Restitución del orden, de la movilidad, de la vida pública a tientas y a distancia. Durante doce semanas (en algunos países aún más) los negocios se cerraron, las sillas de los restaurantes se invirtieron, los cines quedaron a oscuras y las playas vieron pasar las olas sin risas o chapuzones. Las plazas permanecieron abandonadas los domingos y los parques ajenos al público, con sus perros confinados, sus pájaros y ardillas ajenas al barullo. Se detuvo la producción, el comercio, el tráfico y la algarabía, en una parálisis sin precedentes.
Si bien rondaron los escépticos y los profetas del Apocalipsis, la mayoría de la gente se tomó en serio la pandemia y se recluyeron confiando en que este diminuto enemigo acabaría por disiparse. No hay tal. Apenas estamos emergiendo de la primera revolcada.
Sin ser médico de trinchera, he podido atestiguar como este coronavirus invade el organismo de los más endebles, secuestra sus pulmones y su aliento, imprime un tinte terroso en el rostro demacrado y agota, succionando la energía y el hálito de vida de quien lo padece. Los casos poco sintomáticos – que afortunadamente son los más -, resultan un verdadero alivio. Pero estamos cerca del final de la primavera y los decesos se siguen acumulando.
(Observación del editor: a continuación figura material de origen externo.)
lemma whitney_horizontal_if_C1:
  assumes F: "\<And>t. (F has_real_derivative F' t) (at t)" "continuous_on UNIV F'"
    and G: "\<And>t. (G has_real_derivative G' t) (at t)" "continuous_on UNIV G'"
    and H: "\<And>t. (H has_real_derivative 2 * (F' t * G t - F t * G' t)) (at t)"
    and "compact K"
  shows "whitney_horizontal K F G H F' G'"
  unfolding whitney_horizontal_def
proof (intro allI impI)
  fix \<epsilon> :: real assume "\<epsilon> > 0"
  obtain R where R: "K \<subseteq> {-R..R}"
    using compact_imp_bounded[OF \<open>compact K\<close>] bounded_subset_cbox_symmetric by (metis cbox_interval)
  have "continuous_on {-R..R} F'" "continuous_on {-R..R} G'"
    using F(2) G(2) by (auto intro: continuous_on_subset)
  then have "bounded ((\<lambda>x. \<bar>F' x\<bar> + \<bar>G' x\<bar>) ` {-R..R})"
    by (intro compact_imp_bounded compact_continuous_image continuous_intros) auto
  then obtain B where "B > 0" and "\<forall>y\<in>(\<lambda>x. \<bar>F' x\<bar> + \<bar>G' x\<bar>) ` {-R..R}. norm y \<le> B"
    unfolding bounded_pos by blast
  then have "\<bar>F' x\<bar> + \<bar>G' x\<bar> \<le> B" if "x \<in> {-R..R}" for x
    using that by simp
  then have B: "\<And>x. x \<in> {-R..R} \<Longrightarrow> \<bar>F' x\<bar> \<le> B \<and> \<bar>G' x\<bar> \<le> B"
    by (smt (verit) abs_ge_zero)
  define \<eta> where "\<eta> = \<epsilon> / (4 * B + 1)"
  have "\<eta> > 0" "\<eta> \<le> \<epsilon>" "4 * B * \<eta> \<le> \<epsilon>"
    using \<open>\<epsilon> > 0\<close> \<open>B > 0\<close> by (auto simp: \<eta>_def field_simps)
  obtain \<delta>F where "\<delta>F > 0" and \<delta>F: "\<And>a b. a \<in> {-R..R} \<Longrightarrow> b \<in> {-R..R} \<Longrightarrow> \<bar>b - a\<bar> < \<delta>F \<Longrightarrow>
      \<bar>F b - F a - F' a * (b - a)\<bar> \<le> \<eta> * \<bar>b - a\<bar>"
    using uniform_linearization[OF F \<open>\<eta> > 0\<close>] by blast
  obtain \<delta>G where "\<delta>G > 0" and \<delta>G: "\<And>a b. a \<in> {-R..R} \<Longrightarrow> b \<in> {-R..R} \<Longrightarrow> \<bar>b - a\<bar> < \<delta>G \<Longrightarrow>
      \<bar>G b - G a - G' a * (b - a)\<bar> \<le> \<eta> * \<bar>b - a\<bar>"
    using uniform_linearization[OF G \<open>\<eta> > 0\<close>] by blast
  have "\<bar>F b - F a - F' a * (b - a)\<bar> \<le> \<epsilon> * \<bar>b - a\<bar> \<and> \<bar>G b - G a - G' a * (b - a)\<bar> \<le> \<epsilon> * \<bar>b - a\<bar> \<and>
      \<bar>H b - H a + 2 * (F a * G b - G a * F b)\<bar> \<le> \<epsilon> * (b - a)^2"
    if "a \<in> K" "b \<in> K" "\<bar>b - a\<bar> < min \<delta>F \<delta>G" for a b
  proof (intro conjI)
    have ab: "a \<in> {-R..R}" "b \<in> {-R..R}" using that R by auto
    have "\<eta> * \<bar>b - a\<bar> \<le> \<epsilon> * \<bar>b - a\<bar>" using \<open>\<eta> \<le> \<epsilon>\<close> by (simp add: mult_right_mono)
    then show "\<bar>F b - F a - F' a * (b - a)\<bar> \<le> \<epsilon> * \<bar>b - a\<bar>" "\<bar>G b - G a - G' a * (b - a)\<bar> \<le> \<epsilon> * \<bar>b - a\<bar>"
      using \<delta>F[OF ab] \<delta>G[OF ab] that(3) by auto
    have segment: "t \<in> {-R..R}" "\<bar>a - t\<bar> \<le> \<bar>b - a\<bar>" if "t \<in> closed_segment a b" for t
      using that ab closed_segment_subset[of a "{-R..R}" b] dist_in_closed_segment[OF that]
      by (auto simp: dist_real_def)
    have "\<bar>H b - H a + 2 * (F a * G b - G a * F b)\<bar> \<le> 4 * B * \<eta> * (b - a)^2"
    proof (rule horizontal_lift_defect_le[OF F(1) G(1) H])
      fix t assume t: "t \<in> closed_segment a b"
      show "\<bar>F' t\<bar> \<le> B \<and> \<bar>G' t\<bar> \<le> B" using B segment(1)[OF t] by blast
      have "\<eta> * \<bar>a - t\<bar> \<le> \<eta> * \<bar>b - a\<bar>" using segment(2)[OF t] \<open>\<eta> > 0\<close> by simp
      with \<delta>F[OF segment(1)[OF t] ab(1)] \<delta>G[OF segment(1)[OF t] ab(1)] segment(2)[OF t] that(3)
      show "\<bar>F a - F t - F' t * (a - t)\<bar> \<le> \<eta> * \<bar>b - a\<bar> \<and> \<bar>G a - G t - G' t * (a - t)\<bar> \<le> \<eta> * \<bar>b - a\<bar>"
        by auto
    qed
    also have "\<dots> \<le> \<epsilon> * (b - a)^2"
      using mult_right_mono[OF \<open>4 * B * \<eta> \<le> \<epsilon>\<close> zero_le_power2[of "b - a"]] .
    finally show "\<bar>H b - H a + 2 * (F a * G b - G a * F b)\<bar> \<le> \<epsilon> * (b - a)^2" .
  qed
  moreover have "min \<delta>F \<delta>G > 0" using \<open>\<delta>F > 0\<close> \<open>\<delta>G > 0\<close> by simp
  ultimately show "\<exists>\<delta>>0. \<forall>a\<in>K. \<forall>b\<in>K. \<bar>b - a\<bar> < \<delta> \<longrightarrow>
      \<bar>F b - F a - F' a * (b - a)\<bar> \<le> \<epsilon> * \<bar>b - a\<bar> \<and> \<bar>G b - G a - G' a * (b - a)\<bar> \<le> \<epsilon> * \<bar>b - a\<bar> \<and>
      \<bar>H b - H a + 2 * (F a * G b - G a * F b)\<bar> \<le> \<epsilon> * (b - a)^2"
    by blast
qed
El optimismo que ha reinado en las comunicaciones oficiales se hace cada día más exiguo y la vuelta al ritmo habitual citadino o rural parece cada vez más distante.
En medio de toda esta incertidumbre, los gobiernos claman por una “nueva normalidad” que presupone el restablecimiento gradual de la educación, el comercio y la movilidad cotidiana, con ciertas restricciones para lo que se denominan “actividades no esenciales”. Es un criterio ambiguo, por supuesto, porque para un funcionario público podría no ser esencial vender jugos o fritangas cerca de su domicilio, pero para un ciudadano de a pie en la precariedad del Tercer Mundo, eso es justamente la razón de su existencia.
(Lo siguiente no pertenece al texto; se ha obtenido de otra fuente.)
(* Let $\mathcal{G}$ be a 2-player zero-sum finite game ($u_1=-u_2$) that admits a Nash equilibrium in the relative interior of $\mathcal{X}$. Then for every solution $y(t)$ of $\dot y_k=v_k(Q(y))$, $k=1,2$, the time average $\bar x(t)=t^{-1}\int_0^tx(s)\,ds$ of $x(t)=Q(y(t))$ converges to the set of Nash equilibria of $\mathcal{G}$.
   Context: Setting: finite game with players $\{1,2\}$, action sets $\mathcal{A}_k$, mixed strategies $\mathcal{X}_k=\Delta(\mathcal{A}_k)$, $\mathcal{X}=\mathcal{X}_1\times\mathcal{X}_2$, bilinear expected payoffs $u_k$, payoff vectors $v_k(x)=(u_k(\alpha;x_{-k}))_{\alpha\in\mathcal{A}_k}$. Each player has a penalty function $h_k$ on $\mathcal{X}_k$ (continuous, $C^\infty$ on relative interiors of faces, strongly convex: $h(tx_1+(1-t)x_2)\le th(x_1)+(1-t)h(x_2)-\tfrac12Kt(1-t)\|x_1-x_2\|^2$, $K>0$), with choice map $Q_k(y_k)=\arg\max_{x_k\in\mathcal{X}_k}\{\langle y_k,x_k\rangle-h_k(x_k)\}$; $Q=(Q_1,Q_2)$. *)

theory Defs
  imports "HOL-Analysis.Analysis"
begin

definition mixed :: "(real^'a::finite) set" where
  "mixed = {x. (\<forall>i. 0 \<le> x $ i) \<and> (\<Sum>i\<in>UNIV. x $ i) = 1}"

definition strongly_convex_on :: "('a::real_normed_vector) set \<Rightarrow> real \<Rightarrow> ('a \<Rightarrow> real) \<Rightarrow> bool" where
  "strongly_convex_on S K h \<longleftrightarrow>
     (\<forall>x1\<in>S. \<forall>x2\<in>S. \<forall>t\<in>{0..1}.
        h (t *\<^sub>R x1 + (1 - t) *\<^sub>R x2)
          \<le> t * h x1 + (1 - t) * h x2 - (1/2) * K * t * (1 - t) * (norm (x1 - x2))\<^sup>2)"

text \<open>C-infinity on a set S which is relatively open in an affine subspace with
  direction set V: all iterated directional (partial) derivatives along directions
  in V, of all orders, exist and are continuous on S.  D us is the iterated
  derivative along the list of directions us (innermost last).\<close>
definition smooth_along :: "('a::real_normed_vector) set \<Rightarrow> 'a set \<Rightarrow> ('a \<Rightarrow> real) \<Rightarrow> bool" where
  "smooth_along S V f \<longleftrightarrow>
     (\<exists>D :: 'a list \<Rightarrow> 'a \<Rightarrow> real.
        (\<forall>x\<in>S. D [] x = f x) \<and>
        (\<forall>us. set us \<subseteq> V \<longrightarrow> continuous_on S (D us)) \<and>
        (\<forall>us u x. set us \<subseteq> V \<longrightarrow> u \<in> V \<longrightarrow> x \<in> S \<longrightarrow>
           ((\<lambda>s. D us (x + s *\<^sub>R u)) has_real_derivative D (u # us) x)
             (at 0 within {s. x + s *\<^sub>R u \<in> S})))"

definition smooth_on_faces :: "('a::euclidean_space) set \<Rightarrow> ('a \<Rightarrow> real) \<Rightarrow> bool" where
  "smooth_on_faces S h \<longleftrightarrow>
     (\<forall>F. F face_of S \<and> F \<noteq> {} \<longrightarrow>
        smooth_along (rel_interior F) {x - y | x y. x \<in> F \<and> y \<in> F} h)"

definition penalty :: "((real^'a::finite) \<Rightarrow> real) \<Rightarrow> bool" where
  "penalty h \<longleftrightarrow> continuous_on mixed h \<and> smooth_on_faces mixed h \<and>
     (\<exists>K>0. strongly_convex_on mixed K h)"

definition choice :: "((real^'a::finite) \<Rightarrow> real) \<Rightarrow> real^'a \<Rightarrow> real^'a" where
  "choice h y = (THE x. x \<in> mixed \<and> (\<forall>x'\<in>mixed. y \<bullet> x' - h x' \<le> y \<bullet> x - h x))"

definition u1 :: "('a::finite \<Rightarrow> 'b::finite \<Rightarrow> real) \<Rightarrow> (real^'a) \<times> (real^'b) \<Rightarrow> real" where
  "u1 U x = (\<Sum>a\<in>UNIV. \<Sum>b\<in>UNIV. U a b * fst x $ a * snd x $ b)"

definition v1 :: "('a::finite \<Rightarrow> 'b::finite \<Rightarrow> real) \<Rightarrow> (real^'a) \<times> (real^'b) \<Rightarrow> real^'a" where
  "v1 U x = (\<chi> a. \<Sum>b\<in>UNIV. U a b * snd x $ b)"

definition v2 :: "('a::finite \<Rightarrow> 'b::finite \<Rightarrow> real) \<Rightarrow> (real^'a) \<times> (real^'b) \<Rightarrow> real^'b" where
  "v2 U x = (\<chi> b. \<Sum>a\<in>UNIV. U a b * fst x $ a)"

definition nash_equilibria ::
  "('a::finite \<Rightarrow> 'b::finite \<Rightarrow> real) \<Rightarrow> ('a \<Rightarrow> 'b \<Rightarrow> real) \<Rightarrow> ((real^'a) \<times> (real^'b)) set" where
  "nash_equilibria U1 U2 =
     {x. x \<in> mixed \<times> mixed \<and>
         (\<forall>x1'\<in>mixed. u1 U1 (x1', snd x) \<le> u1 U1 x) \<and>
         (\<forall>x2'\<in>mixed. u1 U2 (fst x, x2') \<le> u1 U2 x)}"

end

theory Submission
  imports Defs
begin

text \<open>Let \<open>a\<close> be a fully mixed equilibrium. The Fenchel coupling
  \<open>F(y) = \<Sum>\<^sub>k h\<^sub>k(a\<^sub>k) + h\<^sub>k\<^sup>*(y\<^sub>k) - y\<^sub>k \<bullet> a\<^sub>k\<close> is nonnegative, and since the gradient of
  \<open>h\<^sub>k\<^sup>*\<close> is \<open>Q\<^sub>k\<close> its derivative along the dynamics is \<open>\<Sum>\<^sub>k v\<^sub>k(x) \<bullet> (x\<^sub>k - a\<^sub>k)\<close>.
  This vanishes: the game is zero-sum and at the interior equilibrium each player is
  indifferent between all strategies. So \<open>F\<close> is conserved, and because \<open>a\<close> puts positive
  weight on every action, a bounded coupling bounds the coordinate differences of each score
  vector \<open>y\<^sub>k(t)\<close>. Integrating the linear dynamics shows that \<open>v\<^sub>k\<close> at the time average
  equals \<open>(y\<^sub>k(t) - y\<^sub>k(0)) / t\<close>, so the time average has asymptotically equalized payoffs;
  on the compact strategy space, profiles with equalized payoffs are equilibria.\<close>

section \<open>Mixed strategies\<close>

lemma mixed_nonneg: "x \<in> mixed \<Longrightarrow> 0 \<le> x $ i"
  by (simp add: mixed_def)

lemma mixed_sum: "x \<in> mixed \<Longrightarrow> (\<Sum>i\<in>UNIV. x $ i) = 1"
  by (simp add: mixed_def)

lemma mixed_le_1:
  assumes "x \<in> mixed" shows "x $ i \<le> 1"
proof -
  have "x $ i \<le> (\<Sum>j\<in>UNIV. x $ j)"
    by (rule member_le_sum) (auto simp: mixed_nonneg[OF assms])
  with mixed_sum[OF assms] show ?thesis by simp
qed

lemma axis_in_mixed: "axis i 1 \<in> mixed"
  by (simp add: mixed_def axis_def sum.delta)

lemma convex_mixed: "convex mixed"
  unfolding convex_def mixed_def
  by (auto simp: sum.distrib sum_distrib_left[symmetric])

lemma compact_mixed: "compact (mixed :: (real^'a::finite) set)"
  unfolding compact_eq_bounded_closed
proof
  show "bounded (mixed :: (real^'a) set)"
    by (rule bounded_subset[OF bounded_cbox[of 0 1]])
       (auto simp: mem_box_cart mixed_nonneg mixed_le_1)
  have "mixed = (\<Inter>i. {x::real^'a. 0 \<le> x $ i}) \<inter> {x. (\<Sum>i\<in>UNIV. x $ i) = 1}"
    by (auto simp: mixed_def)
  also have "closed \<dots>"
    by (intro closed_Int closed_INT ballI closed_Collect_le closed_Collect_eq continuous_intros)
  finally show "closed (mixed :: (real^'a) set)" .
qed

lemma rel_interior_mixed_pos:
  assumes "x \<in> rel_interior (mixed :: (real^'a::finite) set)"
  shows "0 < x $ i"
proof -
  have "axis i 1 \<in> affine hull mixed"
    by (rule hull_inc[OF axis_in_mixed])
  then obtain m where "m > 1"
    and m: "\<And>e. 1 < e \<Longrightarrow> e \<le> m \<Longrightarrow> (1 - e) *\<^sub>R axis i 1 + e *\<^sub>R x \<in> mixed"
    using convex_rel_interior_if[OF convex_mixed assms] by blast
  have "0 \<le> ((1 - m) *\<^sub>R axis i 1 + m *\<^sub>R x) $ i"
    using mixed_nonneg m[OF \<open>m > 1\<close> order_refl] by blast
  then have "m - 1 \<le> m * x $ i" by simp
  with \<open>m > 1\<close> show ?thesis
    by (smt (verit) mult_le_0_iff)
qed

lemma inner_mixed_const:
  assumes "\<And>i j. w $ i = w $ j" and "q \<in> mixed"
  shows "q \<bullet> w = w $ k"
proof -
  have "q \<bullet> w = (\<Sum>i\<in>UNIV. q $ i * w $ k)"
    unfolding inner_vec_def using assms(1) by (intro sum.cong) (auto simp: mult.commute)
  also have "\<dots> = w $ k"
    using mixed_sum[OF assms(2)] by (simp add: sum_distrib_right[symmetric])
  finally show ?thesis .
qed

lemma mixed_equalizer:
  assumes p: "p \<in> mixed" "\<And>i. 0 < p $ i" and le: "\<And>k. w $ k \<le> p \<bullet> w" and q: "q \<in> mixed"
  shows "q \<bullet> w = p \<bullet> w"
proof -
  have "(\<Sum>i\<in>UNIV. p $ i * (p \<bullet> w - w $ i)) = (p \<bullet> w) * (\<Sum>i\<in>UNIV. p $ i) - p \<bullet> w"
    by (simp add: right_diff_distrib sum_subtractf sum_distrib_right inner_vec_def mult_ac)
  also have "\<dots> = 0" using mixed_sum[OF p(1)] by simp
  finally have "\<forall>i\<in>UNIV. p $ i * (p \<bullet> w - w $ i) = 0"
    using p(2) le
    by (subst sum_nonneg_eq_0_iff[symmetric]) (simp_all add: less_imp_le)
  then have "w $ k = p \<bullet> w" for k using p(2)[of k] by (smt (verit) UNIV_I mult_eq_0_iff)
  then show ?thesis using inner_mixed_const[OF _ q] by metis
qed

lemma average_in_mixed:
  fixes f :: "real \<Rightarrow> real^'a::finite"
  assumes "t > 0" and f: "f integrable_on {0..t}" and "\<And>s. s \<in> {0..t} \<Longrightarrow> f s \<in> mixed"
  shows "(1 / t) *\<^sub>R integral {0..t} f \<in> mixed"
proof -
  have "0 \<le> integral {0..t} f $ i" for i
  proof -
    have "(\<lambda>s. f s $ i) integrable_on {0..t}"
      using integrable_linear[OF f bounded_linear_vec_nth[of i]] by (simp add: o_def)
    then have "0 \<le> integral {0..t} (\<lambda>s. f s $ i)"
      by (rule integral_nonneg) (use assms(3) mixed_nonneg in blast)
    then show ?thesis using f by simp
  qed
  moreover have "(\<Sum>i\<in>UNIV. integral {0..t} f $ i) = t"
  proof -
    have sum_lin: "bounded_linear (\<lambda>v::real^'a. \<Sum>i\<in>UNIV. v $ i)"
      by (intro bounded_linear_sum bounded_linear_vec_nth)
    have "(\<Sum>i\<in>UNIV. integral {0..t} f $ i) = integral {0..t} (\<lambda>s. \<Sum>i\<in>UNIV. f s $ i)"
      using integral_linear[OF f sum_lin] by (simp add: o_def)
    also have "\<dots> = integral {0..t} (\<lambda>s. 1)"
      by (rule integral_cong) (simp add: mixed_sum assms(3))
    finally show ?thesis using \<open>t > 0\<close> by simp
  qed
  ultimately show ?thesis
    using \<open>t > 0\<close> by (simp add: mixed_def sum_divide_distrib[symmetric])
qed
Desde una perspectiva básica, cabe preguntarse cómo se logrará el retorno gradual de las actividades económicas en una sociedad tan interconectada mediante un sistema de servicios, intermediarios y flujo de capitales que mantiene apenas la supervivencia en un país zanjado por tantas desigualdades. ¿Se le puede prohibir a los taxistas, las sirvientas, los limpiabotas o los vendedores ambulantes integrarse a la vida social esperando su turno? Desde mi ventana, donde atisbo tres puestos de alimentos perecederos, una florería (que no ha cerrado) y un sitio de autos de alquiler, tal propuesta me parece bastante ilusa.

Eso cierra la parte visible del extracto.